Евгений Габрилович. В сердце и памяти


ТРИЖДЫ В ЖИЗНИ
Великая Отечественная война завершилась, я вернулся в нормальную жизнь к штатским темам в гражданской газете. Едва ли не два десятилетия писал обо всем. И как-то раз получил задание написать очерк о знаменитом доменщике. К Первому мая. Герой мой работал в Свердловске, и я. прихватив все нужные для письма принадлежности, отбыл туда. Самолеты в те давние времена были не бойкие, как это ни странно, однако еще далеко не все вокруг отряхнулось после войны. К тому же мы влипли в буран и град, возвратились в Казань, и нас, пассажиров, разместили в буфете. Он был набит пассажирами с других рейсов. Ели щи с простоквашей. Вечерело. Стояло двадцатое апреля, а надо было еще добраться до Свердловска, найти доменщика, потолковать, вернуться в Москву, написать. Да и каков он, этот прославленный мастер? А что если вздорен, глядит ноябрем?.. Время шло, а посадку не объявляли.
— Простите, здесь занято?—спросил меня звонкий голосок.

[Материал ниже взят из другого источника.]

lemma EL_solution_conformal_charge_constant:
  fixes Y :: "real^4 \<Rightarrow> real^4"
  assumes sol: "EL_solution b m H J \<gamma> gd n" and J: "is_interval J" and b: "b \<noteq> 1"
    and H_diff: "\<forall>y. Hat H differentiable (at y)"
    and n: "\<forall>t\<in>J. n t \<noteq> 0" and w1: "\<forall>t\<in>J. 0 < gd t $ 1" and G: "\<forall>t\<in>J. 0 < Gpp H (\<gamma> t) (gd t)"
    and M2: "\<forall>t\<in>J. Gpp H (\<gamma> t) (gd t) / (gd t $ 1)^2 = M2"
    and Y_diff: "\<forall>y. Y differentiable (at y)"
    and lie: "\<forall>y \<mu> \<nu>. lie2 Y (\<lambda>z i j. ppg H z i j - b / (1 - b) * M2 * Kdu z i j) y \<mu> \<nu>
                  = 2 * \<Omega> y * (ppg H y \<mu> \<nu> + M2 * Kdu y \<mu> \<nu>)"
  shows "\<exists>C. \<forall>t\<in>J. (\<Sum>\<mu>\<in>UNIV. Y (\<gamma> t) $ \<mu> * dL_dxd b m H \<mu> (\<gamma> t) (gd t) (n t)) = C"
proof (rule constant_on_interval_if_derivative_zero[OF J])
  fix t assume t: "t \<in> J"
  obtain DY where DY: "(Y has_derivative DY) (at (\<gamma> t))"
    using Y_diff by (auto simp: differentiable_def)
  obtain DH where DH: "(Hat H has_derivative DH) (at (\<gamma> t))"
    using H_diff by (auto simp: differentiable_def)
  have \<gamma>': "(\<gamma> has_vector_derivative gd t) (at t)"
    and EL: "((\<lambda>s. dL_dxd b m H \<mu> (\<gamma> s) (gd s) (n s))
               has_real_derivative dL_dx b m H \<mu> (\<gamma> t) (gd t) (n t)) (at t)" for \<mu>
    using sol t by (auto simp: EL_solution_def)
  have Y\<gamma>: "((\<lambda>s. Y (\<gamma> s) $ \<mu>) has_real_derivative DY (gd t) $ \<mu>) (at t)" for \<mu>
    using bounded_linear.has_vector_derivative[OF bounded_linear_vec_nth
        has_vector_derivative_compose_derivative[OF \<gamma>' DY]]
    by (simp add: has_real_derivative_iff_has_vector_derivative)
  then have "((\<lambda>s. \<Sum>\<mu>\<in>UNIV. Y (\<gamma> s) $ \<mu> * dL_dxd b m H \<mu> (\<gamma> s) (gd s) (n s)) has_real_derivative
      (\<Sum>\<mu>\<in>UNIV. DY (gd t) $ \<mu> * dL_dxd b m H \<mu> (\<gamma> t) (gd t) (n t)
                 + Y (\<gamma> t) $ \<mu> * dL_dx b m H \<mu> (\<gamma> t) (gd t) (n t))) (at t)"
    by (intro DERIV_sum) (use DERIV_mult'[OF Y\<gamma> EL] in \<open>simp add: add.commute\<close>)
  also have "(\<Sum>\<mu>\<in>UNIV. DY (gd t) $ \<mu> * dL_dxd b m H \<mu> (\<gamma> t) (gd t) (n t)
                 + Y (\<gamma> t) $ \<mu> * dL_dx b m H \<mu> (\<gamma> t) (gd t) (n t)) = 0"
  proof (rule conformal_charge_rate_eq_zero[OF _ _ _ b DY DH])
    show "0 < gd t $ 1" "0 < Gpp H (\<gamma> t) (gd t)" "n t \<noteq> 0"
      using t w1 G n by auto
    show "M2 = Gpp H (\<gamma> t) (gd t) / (gd t $ 1)^2"
      using t M2 by simp
    show "lie2 Y (\<lambda>z i j. ppg H z i j - b / (1 - b) * M2 * Kdu z i j) (\<gamma> t) \<mu> \<nu>
        = 2 * \<Omega> (\<gamma> t) * (ppg H (\<gamma> t) \<mu> \<nu> + M2 * Kdu (\<gamma> t) \<mu> \<nu>)" for \<mu> \<nu>
      using lie by blast
  qed
  finally show "((\<lambda>s. \<Sum>\<mu>\<in>UNIV. Y (\<gamma> s) $ \<mu> * dL_dxd b m H \<mu> (\<gamma> s) (gd s) (n s))
      has_real_derivative 0) (at t)" .
qed
lemma future_lik_pos_finite:
  assumes ci: "c (Suc i) = Suc i" and admissible: "cp_admissible (Suc i) n c"
  shows "0 < future_lik i c" and "future_lik i c < \<infinity>"
proof -
  let ?F = "\<lambda>k. \<integral>\<^sup>+x. (\<Prod>l\<in>{l\<in>{Suc i..n}. max 1 (c l) = k}. ennreal (p x (y l))) \<partial>J"
  have "mono_on {Suc i..n} c"
    using cp_admissible_mono[OF admissible] ci by simp
  have "mono_on {Suc i..n} (\<lambda>l. max 1 (c l))"
  proof (rule mono_onI)
    fix r s assume "r \<in> {Suc i..n}" "s \<in> {Suc i..n}" "r \<le> s"
    then have "c r \<le> c s" using mono_onD[OF \<open>mono_on {Suc i..n} c\<close>] by blast
    then show "max 1 (c r) \<le> max 1 (c s)" by simp
  qed
  have F: "0 < ?F k \<and> ?F k < \<infinity>" for k
  proof -
    obtain u v where uv: "{l\<in>{Suc i..n}. max 1 (c l) = k} = {u..v}"
      using level_set_mono_on_interval[OF \<open>mono_on {Suc i..n} (\<lambda>l. max 1 (c l))\<close>] by blast
    show ?thesis
    proof (cases "u \<le> v")
      case True
      then have "u \<in> {Suc i..n}" "v \<in> {Suc i..n}"
        using uv by (auto simp: set_eq_iff)
      then show ?thesis
        unfolding uv using True by (intro conjI segment_pos segment_finite) auto
    next
      case False
      then show ?thesis unfolding uv by (simp add: emeasure_space_1)
    qed
  qed
  show "0 < future_lik i c"
    unfolding future_lik_def using F by (simp add: zero_less_iff_neq_zero)
  show "future_lik i c < \<infinity>"
    unfolding future_lik_def using F by (simp add: less_top[symmetric] ennreal_prod_eq_top)
qed

lemma cp_renewal_future_lik_pos_finite:
  assumes "i < n"
  shows "0 < cp_renewal q (Suc i) (n - Suc i) (future_lik i)"
    and "cp_renewal q (Suc i) (n - Suc i) (future_lik i) < \<infinity>"
proof -
  have "0 < future_lik i c \<and> future_lik i c < \<infinity>"
    if "c \<in> set_pmf (cp_ext q (Suc i) (n - Suc i) (\<lambda>_. Suc i))" for c
    using set_cp_ext[OF that] assms future_lik_pos_finite[of c i] by simp
  then show "0 < cp_renewal q (Suc i) (n - Suc i) (future_lik i)"
    and "cp_renewal q (Suc i) (n - Suc i) (future_lik i) < \<infinity>"
    unfolding cp_renewal_def using finite_set_cp_ext by (blast intro: nn_integral_pmf_pos_finite)+
qed

lemma measurable_cpX [measurable]:
  "cpX l \<in> measurable (measure_pmf P \<Otimes>\<^sub>M PiM {1..n} (\<lambda>_. J)) J"
  unfolding cpX_def
proof (rule measurable_compose_countable'[where f = "\<lambda>k \<omega>. snd \<omega> k"
      and g = "\<lambda>\<omega>. max 1 (fst \<omega> l)" and I = UNIV])
  fix k :: nat
  show "(\<lambda>\<omega>. snd \<omega> k) \<in> measurable (measure_pmf P \<Otimes>\<^sub>M PiM {1..n} (\<lambda>_. J)) J"
  proof (cases "k \<in> {1..n}")
    case True
    then show ?thesis
      by (rule measurable_compose[OF measurable_snd measurable_component_singleton])
  next
    case False
    have "snd \<omega> k = undefined" if "\<omega> \<in> space (measure_pmf P \<Otimes>\<^sub>M PiM {1..n} (\<lambda>_. J))" for \<omega>
    proof -
      from that have "snd \<omega> \<in> PiE {1..n} (\<lambda>_. space J)"
        by (simp add: space_pair_measure mem_Times_iff space_PiM)
      then show ?thesis using False by (rule PiE_arb)
    qed
    then show ?thesis
      by (rule measurable_cong[THEN iffD2]) (simp_all add: measurable_const space_J)
  qed
next
  show "(\<lambda>\<omega>. max 1 (fst \<omega> l))
      \<in> measurable (measure_pmf P \<Otimes>\<^sub>M PiM {1..n} (\<lambda>_. J)) (count_space UNIV)"
    by (rule measurable_compose[OF measurable_fst]) simp
qed simp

— Прошу.—отозвался, подвинувшись на подоконнике, где сидел.
Девушка села на узенький подоконник, развязала длинный теплый платок. Гладкие волосы, вздернутый носик. Разговорились. Поначалу об ерунде. Потом, скуки ради, поведали о себе. Я крайне коротко: жил, мол. писал, пошел на войну, вернулся, опять пишу. В обще,м немало таких, мол, пылят с гордым видом, так и не припылив ни к чему... Ее рассказ—назовем ее Тоней.—пожалуй, был посильней. Родилась в дальнем северном городке, жила с палой, мамой. Но пятнадцати лет, после школы, стреканула на стройку. Почему? Надоел городок. И по правде, родители тоже. Все едут на стройку. С гармошками, песнями. Ну, и она со всеми. На стройке определили ее маляром. Она работала классно. Веселая, огневая. Вскоре повысили в бригадиры. О ней писали в газете, к ней приезжали за опытом, с шестнадцати лет она была на Доске почета, сидела в президиумах и даже два раза слетала в Москву.
— Путная девка!—говорили о ней.—Эта не подсиропит!
Липли парни, но она их остуживала.
— Непроходимая,—толковали парни, покуривая.—Накат в три ряда!
Накат-то накатом, но однажды не оборонилась. Влюбилась в женатого. В нравственно неустойчивого. Влюбилась, и стала открыто гулять с ним у всех на виду. Веселая, плясовая. Лето было на славу—луна, звезды, клятвы в любви на всю жизнь. Гуляли начистоту, без утайки. Но люди, которые так пылко пишут в газетах, чтобы все было честно, не очень-то любят, когда все наружу, начистоту. Пошли пересуды, да все слышней. И как-то по вечеру жена неустойчивого вцепилась в Тоню и накостыляла в кровь. Опять же у всех на виду. Скандал. Тоню сняли с Доски и президиумов. И перевели назад, в маляры. Тот, неустойчивый, с которым так хорошо короталось летом, смотался. Беда! Но все же еще не столь черная, если бы вслед за этим не стало известно всем, что Тоня беременна.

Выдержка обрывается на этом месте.